DELPAN

10.6K 1K 16
                                    

"Yaudah kalau lu maksa."

Fadil menghela napas. Cowok itu akhirnya menyerah setelah berjuang susah payah membujuk Ival agar mau diantar pulang olehnya. Sebagai seorang sahabat— terlebih Ival adalah ketua geng King Dewa, tentu saja ia tidak tega membiarkan laki-laki itu pulang sendiri menggunakan taksi. Lagi pula dari awal sudah direncanakan, malam ini ia harus menjemput dan mengantar Ival pulang. Namun karena alasan; kasihan, arah rumah yang berlawanan, sudah hampir pagi, takut besok terlambat, akhirnya Ival merubah rencananya begitu saja dan memilih pulang dengan menggunakan taksi.

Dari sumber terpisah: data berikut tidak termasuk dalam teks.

lemma coord_finite:
  assumes "0 < \<eta>"
  shows "finite {j. \<eta> < coord z j}"
proof (rule finite_subset)
  define N where "N = {n. \<eta> / K < scale n \<and> scale n < dist z x0 / c}"
  show "{j. \<eta> < coord z j} \<subseteq> (\<Union>n\<in>N. (\<lambda>U. (n, inv_into S (nbhd n) U)) ` {U \<in> Cov n. z \<in> U})"
  proof clarify
    fix n s assume "\<eta> < coord z (n, s)"
    then have s: "s \<in> S" "inv_into S (nbhd n) (nbhd n s) = s" and b: "\<eta> < bump n (nbhd n s) z"
      using assms by (auto simp: coord_eq split: if_splits)
    from b assms have "0 < bump n (nbhd n s) z" by linarith
    then have "z \<in> nbhd n s" "c * scale n < dist z x0"
      by (rule bump_pos_imp)+
    moreover have "\<eta> / K < scale n"
      using b bump_le[of n "nbhd n s" z] K_pos by (simp add: divide_less_eq mult.commute)
    ultimately have "n \<in> N"
      using c_pos unfolding N_def by (simp add: less_divide_eq mult.commute)
    then show "(n, s) \<in> (\<Union>n\<in>N. (\<lambda>U. (n, inv_into S (nbhd n) U)) ` {U \<in> Cov n. z \<in> U})"
      using nbhd(1)[of n s] \<open>z \<in> nbhd n s\<close> s(2)
      by (intro UN_I[of n] image_eqI[of _ _ "nbhd n s"]) auto
  qed
  have "finite N"
    unfolding N_def scale_def using finite_powr_between[OF q_gt_1] assms K_pos by simp
  then show "finite (\<Union>n\<in>N. (\<lambda>U. (n, inv_into S (nbhd n) U)) ` {U \<in> Cov n. z \<in> U})"
    using point_finite by (auto simp: point_finite_cover_def)
qed

lemma coord_representative:
  assumes "s \<in> S"
  obtains s' where "\<And>z. coord z (n, s') = bump n (nbhd n s) z"
proof
  define s' where "s' = inv_into S (nbhd n) (nbhd n s)"
  have "nbhd n s \<in> nbhd n ` S" using assms by simp
  then have "s' \<in> S" "nbhd n s' = nbhd n s"
    unfolding s'_def by (rule inv_into_into, rule f_inv_into_f)
  then show "coord z (n, s') = bump n (nbhd n s) z" for z
    by (simp add: coord_eq s'_def)
qed
(* Let $n\ge 1$ be an integer, $\kappa\in\mathbb{R}$, $T>0$ and $0<|\phi|<1/2$ satisfy $$\coth\big((\tfrac12-\phi)T\big)=\kappa-\coth\big((\tfrac12+\phi)T\big),$$ and set $\tau=nT$. Define $$\gamma_1=\frac{\coth^2(\tau-(n-\tfrac12+\phi)T)-1}{[\kappa-\coth(\tau-(n-\tfrac12+\phi)T)]^2-1},\qquad \gamma_2=\frac{\coth^2(\tau-(n-\tfrac12-\phi)T)-1}{[\kappa-\coth(\tau-(n-\tfrac12-\phi)T)]^2-1}.$$ Then $\gamma_1\gamma_2=1$, $\beta:=\gamma_1+\gamma_2>2$, and $\widehat D_a(\lambda)=\lambda^{2n-1}(\lambda-\gamma_1)(\lambda-\gamma_2)-(1-\gamma_1)(1-\gamma_2)$ factors as $(\lambda-1)\widehat H_a(\lambda)$ with $$\widehat H_a(\lambda)=\lambda^{2n}+(1-\beta)\lambda^{2n-1}+(2-\beta)\sum_{i=0}^{2n-2}\lambda^i;$$ in particular $\widehat D_a$ has a real root strictly greater than $1$. *)

theory Defs
  imports Complex_Main
begin

definition coth :: "real \<Rightarrow> real" where
  "coth x = cosh x / sinh x"

end

theory Submission
  imports Defs
begin

text \<open>
  Put \<open>a = (1/2 - \<phi>) T\<close> and \<open>b = (1/2 + \<phi>) T\<close>. The arguments of \<open>coth\<close> in \<open>\<gamma>\<^sub>1, \<gamma>\<^sub>2\<close>
  collapse to \<open>a\<close> and \<open>b\<close>, and the hypothesis says \<open>\<kappa> = coth a + coth b\<close>. Since
  \<open>coth\<^sup>2 x - 1 = 1 / sinh\<^sup>2 x\<close>, this gives \<open>\<gamma>\<^sub>1 = (sinh b / sinh a)\<^sup>2 = 1 / \<gamma>\<^sub>2\<close>, and
  \<open>\<gamma>\<^sub>1 \<noteq> 1\<close> because \<open>\<phi> \<noteq> 0\<close>; hence \<open>\<beta> = \<gamma>\<^sub>1 + 1/\<gamma>\<^sub>1 > 2\<close>. The factorisation is a
  geometric-sum identity valid whenever \<open>\<gamma>\<^sub>1 \<gamma>\<^sub>2 = 1\<close>. Finally the cofactor \<open>\<widehat>H\<close> is
  \<open>2n(2 - \<beta>) < 0\<close> at \<open>1\<close>, while at \<open>max \<gamma>\<^sub>1 \<gamma>\<^sub>2 > 1\<close> the polynomial \<open>\<widehat>D\<close> equals
  \<open>\<beta> - 2 > 0\<close>, so \<open>\<widehat>H\<close> is positive there and has a root in between.
\<close>

lemma coth_square_minus_one:
  assumes "sinh x \<noteq> 0"
  shows "coth x ^ 2 - 1 = 1 / sinh x ^ 2"
  using assms by (simp add: coth_def power_divide cosh_square_eq field_simps)

lemma add_inverse_gt_two:
  fixes r :: real
  assumes "r > 0" "r \<noteq> 1"
  shows "r + 1 / r > 2"
proof -
  have "(r - 1)\<^sup>2 > 0"
    using assms(2) by simp
  then have "r * r + 1 > 2 * r"
    by (simp add: power2_eq_square algebra_simps)
  then show ?thesis
    using assms(1) by (simp add: field_simps)
qed

text \<open>
  The paper's \<open>\<widehat>D\<^sub>a\<close> and \<open>\<widehat>H\<^sub>a\<close>, with the exponent \<open>2n - 1\<close> written as \<open>m\<close>.
\<close>

definition Dhat :: "nat \<Rightarrow> real \<Rightarrow> real \<Rightarrow> real \<Rightarrow> real" where
  "Dhat m \<gamma>\<^sub>1 \<gamma>\<^sub>2 x = x ^ m * (x - \<gamma>\<^sub>1) * (x - \<gamma>\<^sub>2) - (1 - \<gamma>\<^sub>1) * (1 - \<gamma>\<^sub>2)"

definition Hhat :: "nat \<Rightarrow> real \<Rightarrow> real \<Rightarrow> real" where
  "Hhat m \<beta> x = x ^ Suc m + (1 - \<beta>) * x ^ m + (2 - \<beta>) * (\<Sum>i<m. x ^ i)"

lemma Dhat_eq_mult_Hhat:
  assumes "\<gamma>\<^sub>1 * \<gamma>\<^sub>2 = 1"
  shows "Dhat m \<gamma>\<^sub>1 \<gamma>\<^sub>2 x = (x - 1) * Hhat m (\<gamma>\<^sub>1 + \<gamma>\<^sub>2) x"
proof -
  have geometric: "(x - 1) * (\<Sum>i<m. x ^ i) = x ^ m - 1"
    by (simp add: power_diff_1_eq)
  have "(x - 1) * Hhat m (\<gamma>\<^sub>1 + \<gamma>\<^sub>2) x
      = (x - 1) * (x * x ^ m + (1 - (\<gamma>\<^sub>1 + \<gamma>\<^sub>2)) * x ^ m)
        + (2 - (\<gamma>\<^sub>1 + \<gamma>\<^sub>2)) * ((x - 1) * (\<Sum>i<m. x ^ i))"
    by (simp add: Hhat_def algebra_simps)
  also have "\<dots> = Dhat m \<gamma>\<^sub>1 \<gamma>\<^sub>2 x"
  proof -
    have "(x - 1) * (x * y + (1 - (\<gamma>\<^sub>1 + \<gamma>\<^sub>2)) * y) + (2 - (\<gamma>\<^sub>1 + \<gamma>\<^sub>2)) * (y - 1)
        = y * (x - \<gamma>\<^sub>1) * (x - \<gamma>\<^sub>2) - (1 - \<gamma>\<^sub>1) * (1 - \<gamma>\<^sub>2)" for y
      using assms by algebra
    then show ?thesis
      unfolding geometric Dhat_def .
  qed
  finally show ?thesis ..
qed

lemma Hhat_at_one: "Hhat m \<beta> 1 = (2 - \<beta>) * real (Suc m)"
  by (simp add: Hhat_def algebra_simps)

lemma Dhat_has_root_gt_one:
  assumes "\<gamma>\<^sub>1 * \<gamma>\<^sub>2 = 1" "\<gamma>\<^sub>1 + \<gamma>\<^sub>2 > 2"
  shows "\<exists>x > 1. Dhat m \<gamma>\<^sub>1 \<gamma>\<^sub>2 x = 0"
proof -
  let ?H = "Hhat m (\<gamma>\<^sub>1 + \<gamma>\<^sub>2)"
  obtain g where g: "g \<in> {\<gamma>\<^sub>1, \<gamma>\<^sub>2}" "g > 1"
    using assms by (metis insertCI linorder_not_le add_mono one_add_one)
  have "Dhat m \<gamma>\<^sub>1 \<gamma>\<^sub>2 g = \<gamma>\<^sub>1 + \<gamma>\<^sub>2 - 2"
    using g(1) assms(1) by (auto simp: Dhat_def algebra_simps)
  then have "(g - 1) * ?H g > 0"
    using Dhat_eq_mult_Hhat[OF assms(1)] assms(2) by simp
  then have "?H g > 0"
    using g(2) by (simp add: zero_less_mult_iff)
  moreover have "?H 1 < 0"
    using assms(2) by (simp add: Hhat_at_one mult_neg_pos)
  moreover have "\<forall>x. 1 \<le> x \<and> x \<le> g \<longrightarrow> isCont ?H x"
    unfolding Hhat_def by (auto intro!: continuous_intros)
  ultimately obtain x where "1 \<le> x" "x \<le> g" "?H x = 0"
    using IVT[of ?H 1 0 g] g(2) by auto
  moreover from \<open>?H 1 < 0\<close> \<open>?H x = 0\<close> have "x \<noteq> 1"
    by auto
  ultimately show ?thesis
    using Dhat_eq_mult_Hhat[OF assms(1)] by force
qed

theorem mainTheorem12:
  fixes n :: nat and \<kappa> T \<phi> \<tau> \<gamma>\<^sub>1 \<gamma>\<^sub>2 \<beta> :: real
  assumes hn: "n \<ge> 1"
    and hT: "T > 0"
    and h\<phi>: "0 < \<bar>\<phi>\<bar>" "\<bar>\<phi>\<bar> < 1/2"
    and heq: "coth ((1/2 - \<phi>) * T) = \<kappa> - coth ((1/2 + \<phi>) * T)"
    and h\<tau>: "\<tau> = real n * T"
    and h\<gamma>1: "\<gamma>\<^sub>1 = ((coth (\<tau> - (real n - 1/2 + \<phi>) * T))^2 - 1) /
                  ((\<kappa> - coth (\<tau> - (real n - 1/2 + \<phi>) * T))^2 - 1)"
    and h\<gamma>2: "\<gamma>\<^sub>2 = ((coth (\<tau> - (real n - 1/2 - \<phi>) * T))^2 - 1) /
                  ((\<kappa> - coth (\<tau> - (real n - 1/2 - \<phi>) * T))^2 - 1)"
    and h\<beta>: "\<beta> = \<gamma>\<^sub>1 + \<gamma>\<^sub>2"
  shows "\<gamma>\<^sub>1 * \<gamma>\<^sub>2 = 1 \<and> \<beta> > 2 \<and>
    (\<forall>x::real. x^(2*n - 1) * (x - \<gamma>\<^sub>1) * (x - \<gamma>\<^sub>2) - (1 - \<gamma>\<^sub>1) * (1 - \<gamma>\<^sub>2)
       = (x - 1) * (x^(2*n) + (1 - \<beta>) * x^(2*n - 1) + (2 - \<beta>) * (\<Sum>i=0..2*n-2. x^i))) \<and>
    (\<exists>x::real. x > 1 \<and> x^(2*n - 1) * (x - \<gamma>\<^sub>1) * (x - \<gamma>\<^sub>2) - (1 - \<gamma>\<^sub>1) * (1 - \<gamma>\<^sub>2) = 0)"
proof -
  define a b where "a = (1/2 - \<phi>) * T" and "b = (1/2 + \<phi>) * T"
  have "a > 0" "b > 0" "a \<noteq> b"
    using hT h\<phi> by (auto simp: a_def b_def)
  have "\<tau> - (real n - 1/2 + \<phi>) * T = a" "\<tau> - (real n - 1/2 - \<phi>) * T = b"
    using h\<tau> by (simp_all add: a_def b_def algebra_simps)
  moreover have "\<kappa> = coth a + coth b"
    using heq by (simp add: a_def b_def)
  ultimately have "\<gamma>\<^sub>1 = (coth a ^ 2 - 1) / (coth b ^ 2 - 1)" "\<gamma>\<^sub>2 = (coth b ^ 2 - 1) / (coth a ^ 2 - 1)"
    using h\<gamma>1 h\<gamma>2 by simp_all
  then have "\<gamma>\<^sub>1 = (sinh b / sinh a)\<^sup>2" "\<gamma>\<^sub>2 = 1 / (sinh b / sinh a)\<^sup>2"
    using \<open>a > 0\<close> \<open>b > 0\<close> by (simp_all add: coth_square_minus_one power_divide)
  moreover have "(sinh b / sinh a)\<^sup>2 \<noteq> 1"
    using \<open>a > 0\<close> \<open>b > 0\<close> \<open>a \<noteq> b\<close> by (auto simp: power2_eq_1_iff field_simps)
  ultimately have product: "\<gamma>\<^sub>1 * \<gamma>\<^sub>2 = 1" and sum: "\<beta> > 2"
    using h\<beta> \<open>a > 0\<close> \<open>b > 0\<close> by (simp_all add: add_inverse_gt_two)
  have "{0..2*n-2} = {..<2*n-1}" "2*n = Suc (2*n-1)"
    using hn by auto
  then have factorization: "\<forall>x::real. x^(2*n - 1) * (x - \<gamma>\<^sub>1) * (x - \<gamma>\<^sub>2) - (1 - \<gamma>\<^sub>1) * (1 - \<gamma>\<^sub>2)
       = (x - 1) * (x^(2*n) + (1 - \<beta>) * x^(2*n - 1) + (2 - \<beta>) * (\<Sum>i=0..2*n-2. x^i))"
    using Dhat_eq_mult_Hhat[OF product, of "2*n-1"] h\<beta> by (simp only: Dhat_def Hhat_def) simp
  moreover have "\<exists>x::real. x > 1 \<and> x^(2*n - 1) * (x - \<gamma>\<^sub>1) * (x - \<gamma>\<^sub>2) - (1 - \<gamma>\<^sub>1) * (1 - \<gamma>\<^sub>2) = 0"
    using Dhat_has_root_gt_one[OF product] sum h\<beta> by (simp add: Dhat_def)
  ultimately show ?thesis
    using product sum by blast
qed

end
(* For $n\ge 2$, $t\ge0$ and $2\le k\le n$: \[ \int_0^t q_{n2}(w)\,dw=q_{n1}(t),\qquad \int_0^t q_{n2}(k;w)\,dw=q_{n1}(k;t),\qquad \int_0^t (t-w)\,q_{n2}(w)\,dw=q_{n1}(1;t). \]
   Context: Kingman coalescent: for $n\ge2$, let $T_n,\dots,T_2$ be independent, $T_k$ exponential with rate $\binom{k}{2}$, and put $T_1=\infty$. For $t\ge0$ let $A_n(t)$ be the number of lineages at time $t$ back, i.e. $A_n(t)=l$ iff $T_n+\dots+T_{l+1}\le t<T_n+\dots+T_l$. Write $q_{nl}(t)=\mathbb P(A_n(t)=l)$. For $1\le k\le n$ let $T^{(t)}_k$ be the Lebesgue measure of $\{s\in[0,t]:A_n(s)=k\}$, and for $1\le l\le k\le n$ define $q_{nl}(k;t)=\mathbb E\big[T^{(t)}_k\,\mathbb I\{A_n(t)=l\}\big]$. *)

theory Defs
  imports "HOL-Probability.Probability"
begin

text \<open>The sample space is the product over
  k in {2..n} of exponential distributions with rate (k choose 2); the coordinate
  omega k is the holding time T_k.  T_1 = infinity is encoded by the convention that
  level 1 is never left.\<close>

definition kingman_space :: "nat \<Rightarrow> (nat \<Rightarrow> real) measure" where
  "kingman_space n = (\<Pi>\<^sub>M k\<in>{2..n}.
      density lborel (\<lambda>x. ennreal (exponential_density (real (k choose 2)) x)))"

Ival tersenyum nyengir. "Nah, gitu dong," kata laki-laki itu sambil menunjukkan tiga buku pelajaran yang ia pegang di tangan kirinya. "Gue nitip ini ya, jangan lupa besok harus lu bawa ke sekolah." Tangan kanannya kemudian terulur, meraih handel lantas membuka pintu mobil.

Meletakan tiga buku cetak di jok mobil, kemudian Ival menutup kembali pintunya. "Awas kalau sampai lupa," tegas laki-laki itu.

"Iya beras. Yaudah gue duluan sama Tian."

Melipat kedua tangannya diperut Ival menganggukkan kepala. "Oke, hati-hati."

"Lu yang hati-hati," balas Fadil.

Ival terkekeh singkat.

"Val, duluan," imbuh Tian.

Ival mengulas senyum, sambil menatap kedua sahabatnya masuk ke dalam mobil. Laki-laki itu baru berjalan mencari taksi, setelah mobil yang dikendarai oleh Fadil berlalu meninggalkan dirinya.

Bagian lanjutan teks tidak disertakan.